The required result is each line of the entries below containing the string "moreover".

··· DATA RECORDS

lemma sum_n_r_set_subsets_le:
  assumes t: "a # b # cs \<in> Omega_r N k Y r" and "3 \<le> n" "n + k \<le> N"
  shows "(\<Sum>I\<in>{I. I \<subseteq> {0..<N} \<and> card I = n \<and> {a, b} \<subseteq> I \<and> I \<inter> set cs = {}}. real (n_r_set Y I r))
    \<le> real ((N - 2 - k) choose (n - 2))
        * (2 + (real (N_r N Y r) - 2) * (real n - 2) / (real N - real k - 2))"
proof -
  let ?T = "{I. I \<subseteq> {0..<N} \<and> card I = n \<and> {a, b} \<subseteq> I \<and> I \<inter> set cs = {}}"
  let ?C = "{j\<in>{0..<N}. Y j = r}"
  define K0 where "K0 = (N - 2 - k) choose (n - 2)"
  define K1 where "K1 = (N - 3 - k) choose (n - 3)"
  define x where "x = real (N_r N Y r)"
  have ab: "a \<noteq> b" "a \<in> ?C" "b \<in> ?C" "a \<notin> set cs" "b \<notin> set cs" "set cs \<subseteq> {0..<N}"
    using t unfolding Omega_r_def by auto
  have "card (set cs) = k" using t distinct_card unfolding Omega_r_def by fastforce
  have "2 \<le> card ?C" using two_le_n_r_set[of "{0..<N}" a b Y r] ab unfolding n_r_set_def by simp
  have "(\<Sum>I\<in>?T. n_r_set Y I r) = (\<Sum>I\<in>?T. card (I \<inter> ?C))"
    unfolding n_r_set_def by (intro sum.cong refl arg_cong[of _ _ card]) blast
  also have "\<dots> \<le> 2 * K0 + (card ?C - 2) * K1"
    using sum_card_Int_subsets_le[of "{0..<N}" ?C "set cs" a b n] ab assms(2)
    unfolding K0_def K1_def \<open>card (set cs) = k\<close> by (simp add: subset_iff)
  finally have "real (\<Sum>I\<in>?T. n_r_set Y I r) \<le> real (2 * K0 + (card ?C - 2) * K1)"
    by (simp only: of_nat_le_iff)
  then have sum_le: "(\<Sum>I\<in>?T. real (n_r_set Y I r)) \<le> 2 * real K0 + (x - 2) * real K1"
    using \<open>2 \<le> card ?C\<close> unfolding x_def N_r_def by (simp add: of_nat_diff)
  have "Suc (n - 3) * ((N - 2 - k) choose Suc (n - 3)) = (N - 2 - k) * ((N - 2 - k - 1) choose (n - 3))"
    by (rule binomial_absorption)
  moreover have "Suc (n - 3) = n - 2" "N - 2 - k - 1 = N - 3 - k" using assms(2) by auto
  ultimately have "(n - 2) * K0 = (N - 2 - k) * K1" unfolding K0_def K1_def by simp
  then have "real (n - 2) * real K0 = real (N - 2 - k) * real K1" by (metis of_nat_mult)
  moreover have "real (n - 2) = real n - 2" "real (N - 2 - k) = real N - real k - 2"
    using assms(2,3) by (simp_all add: of_nat_diff)
  moreover have "real N - real k - 2 > 0" using assms(2,3) by linarith
  ultimately have "real K1 = real K0 * ((real n - 2) / (real N - real k - 2))"
    by (simp add: field_simps)
  with sum_le show ?thesis unfolding K0_def[symmetric] x_def[symmetric] by (simp add: algebra_simps)
qed

(* Only the subsets containing the positive pair of t and avoiding its negatives contribute, and
  on these Cauchy-Schwarz gives \<Sum> 1/n_r(I) \<ge> (number of subsets)^2 / \<Sum> n_r(I). *)
lemma sum_tuple_weight_ge:
  assumes "\<forall>j<N. Y j \<in> {1..R}" "r \<in> {1..R}" and t: "t \<in> Omega_r N k Y r"
    and "3 \<le> n" "n + k \<le> N"
  shows "real ((N - 2 - k) choose (n - 2))
      / (real n * real (\<Prod>{N - n - k + 1..N - n})
         * (2 + (real (N_r N Y r) - 2) * (real n - 2) / (real N - real k - 2)))
    \<le> (\<Sum>I\<in>{I. I \<subseteq> {0..<N} \<and> card I = n}. if t \<in> Omega_r_set N k Y I r
          then omega_r_set R Y I r / real (card (Omega_r_set N k Y I r)) else 0)"
proof -
  let ?Sub = "{I. I \<subseteq> {0..<N} \<and> card I = n}"
  define K0 where "K0 = real ((N - 2 - k) choose (n - 2))"
  define ff where "ff = real (\<Prod>{N - n - k + 1..N - n})"
  define E where "E = 2 + (real (N_r N Y r) - 2) * (real n - 2) / (real N - real k - 2)"
  define m where "m I = real (n_r_set Y I r)" for I
  have "length t = k + 2" using t unfolding Omega_r_def by blast
  then obtain a b cs where t_eq: "t = a # b # cs" "length cs = k" by (rule length_Suc_Suc_cases)
  define T where "T = {I. I \<subseteq> {0..<N} \<and> card I = n \<and> {a, b} \<subseteq> I \<and> I \<inter> set cs = {}}"
  have T_eq: "{I\<in>?Sub. t \<in> Omega_r_set N k Y I r} = T"
    unfolding T_def t_eq by (rule admissible_subsets_eq) (use t t_eq in simp)
  have card_T: "real (card T) = K0"
    unfolding T_def K0_def using card_admissible_subsets[of a b cs N k Y r n] t t_eq assms(4) by simp
  have ab: "a \<noteq> b" "a < N" "b < N" "Y a = r" "Y b = r"
    using t unfolding t_eq Omega_r_def by auto
  have m_pos: "0 < m I" if "I \<in> T" for I
    using two_le_n_r_set[of I a b Y r] that ab finite_subset[of I "{0..<N}"]
    unfolding T_def m_def by auto
  have "0 < card T" using card_T assms(4,5) unfolding K0_def by simp
  moreover have "(\<Sum>I\<in>T. m I) \<le> K0 * E"
    unfolding m_def T_def K0_def E_def using sum_n_r_set_subsets_le[of a b cs N k Y r n] t assms(4,5)
    by (simp add: t_eq)
  ultimately have "K0 / E \<le> (\<Sum>I\<in>T. 1 / m I)"
    using card_div_le_sum_inverse[of T m E] m_pos unfolding card_T by simp
  then have "(K0 / E) / (real n * ff) \<le> (\<Sum>I\<in>T. 1 / m I) / (real n * ff)"
    by (rule divide_right_mono) (simp add: ff_def prod_nonneg)
  then have "K0 / (real n * ff * E) \<le> (\<Sum>I\<in>T. 1 / m I) / (real n * ff)"
    by (simp add: ac_simps)
  also have "\<dots> = (\<Sum>I\<in>T. 1 / (real n * m I * ff))"
    by (simp add: sum_divide_distrib mult_ac)
  also have "\<dots> \<le> (\<Sum>I\<in>T. omega_r_set R Y I r / real (card (Omega_r_set N k Y I r)))"
  proof (rule sum_mono)
    fix I assume "I \<in> T"
    then have "I \<in> ?Sub" "t \<in> Omega_r_set N k Y I r" using T_eq by blast+
    then show "1 / (real n * m I * ff) \<le> omega_r_set R Y I r / real (card (Omega_r_set N k Y I r))"
      unfolding m_def ff_def by (intro omega_r_set_div_card_ge) (use assms in auto)
  qed
  also have "\<dots> = (\<Sum>I\<in>?Sub. if t \<in> Omega_r_set N k Y I r
          then omega_r_set R Y I r / real (card (Omega_r_set N k Y I r)) else 0)"
    unfolding T_eq[symmetric] by (rule sum.inter_filter) (rule finite_subset[of _ "Pow {0..<N}"], auto)
  finally show ?thesis unfolding K0_def ff_def E_def .
qed

lemma Ubar_weight_ge:
  assumes "\<forall>j<N. Y j \<in> {1..R}" "r \<in> {1..R}" and t: "t \<in> Omega_r N k Y r"
    and "3 \<le> n" "n + k \<le> N"
  defines "x \<equiv> real (N_r N Y r)"
  shows "x * (x - 1) * (real n - 1)
           / (real N * (real N - 1) * (2 + (x - 2) * (real n - 2) / (real N - real k - 2)))
           / real (card (Omega_r N k Y r))
         \<le> Ubar_weight N n R k Y r t"
proof -
  define E where "E = 2 + (x - 2) * (real n - 2) / (real N - real k - 2)"
  define ff where "ff = real (\<Prod>{N - 2 - k + 1..N - 2})"
  define M where "M = real (N choose n)"
  have "length t = k + 2" using t unfolding Omega_r_def by blast
  then obtain a b cs where t_eq: "t = a # b # cs" by (rule length_Suc_Suc_cases)
  have "2 \<le> N_r N Y r"
    using t two_le_n_r_set[of "{0..<N}" a b Y r] unfolding t_eq Omega_r_def N_r_eq_n_r_set by auto
  then have card_\<Omega>: "real (card (Omega_r N k Y r)) = x * (x - 1) * ff"
    using card_Omega_r[of k N Y r] assms(4,5) unfolding x_def ff_def by (simp add: of_nat_diff)
  have "0 < M" "0 < ff" "0 < E" "2 \<le> x" "real N - real k - 2 > 0"
    using assms(4,5) \<open>2 \<le> N_r N Y r\<close> unfolding M_def ff_def E_def x_def
    by (auto intro!: add_pos_nonneg divide_nonneg_nonneg mult_nonneg_nonneg prod_pos)
  have cancel: "c * a / (d * E) / (c * ff) = a / (d * ff) / E" if "c \<noteq> 0" "d \<noteq> 0" for a c d
    using that \<open>0 < ff\<close> \<open>0 < E\<close> by (simp add: field_simps)
  have "x * (x - 1) * (real n - 1) / (real N * (real N - 1) * E) / real (card (Omega_r N k Y r))
      = (real n - 1) / (real N * (real N - 1) * ff) / E"
    unfolding card_\<Omega> using \<open>2 \<le> x\<close> assms(4,5) by (intro cancel) auto
  also have "\<dots> = real ((N - 2 - k) choose (n - 2)) / (M * real n * real (\<Prod>{N - n - k + 1..N - n})) / E"
    using choose_div_falling_eq[of n k N] assms(4,5) unfolding ff_def M_def by simp
  also have "\<dots> = real ((N - 2 - k) choose (n - 2))
      / (real n * real (\<Prod>{N - n - k + 1..N - n}) * E) / M"
    by (simp add: divide_divide_eq_left mult_ac)
  also have "\<dots> \<le> (\<Sum>I\<in>{I. I \<subseteq> {0..<N} \<and> card I = n}. if t \<in> Omega_r_set N k Y I r
          then omega_r_set R Y I r / real (card (Omega_r_set N k Y I r)) else 0) / M"
    by (rule divide_right_mono[OF sum_tuple_weight_ge[OF assms(1-5), folded x_def, folded E_def]])
      (use \<open>0 < M\<close> in simp)
  also have "\<dots> = Ubar_weight N n R k Y r t"
    unfolding Ubar_weight_def avg_over_def M_def n_subsets[OF finite_atLeastLessThan] by simp
  finally show ?thesis unfolding E_def .
qed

······

EXERCISE RESPONSE:
  moreover have "Suc (n - 3) = n - 2" "N - 2 - k - 1 = N - 3 - k" using assms(2) by auto
  moreover have "real (n - 2) = real n - 2" "real (N - 2 - k) = real N - real k - 2"
  moreover have "real N - real k - 2 > 0" using assms(2,3) by linarith
  moreover have "(\<Sum>I\<in>T. m I) \<le> K0 * E"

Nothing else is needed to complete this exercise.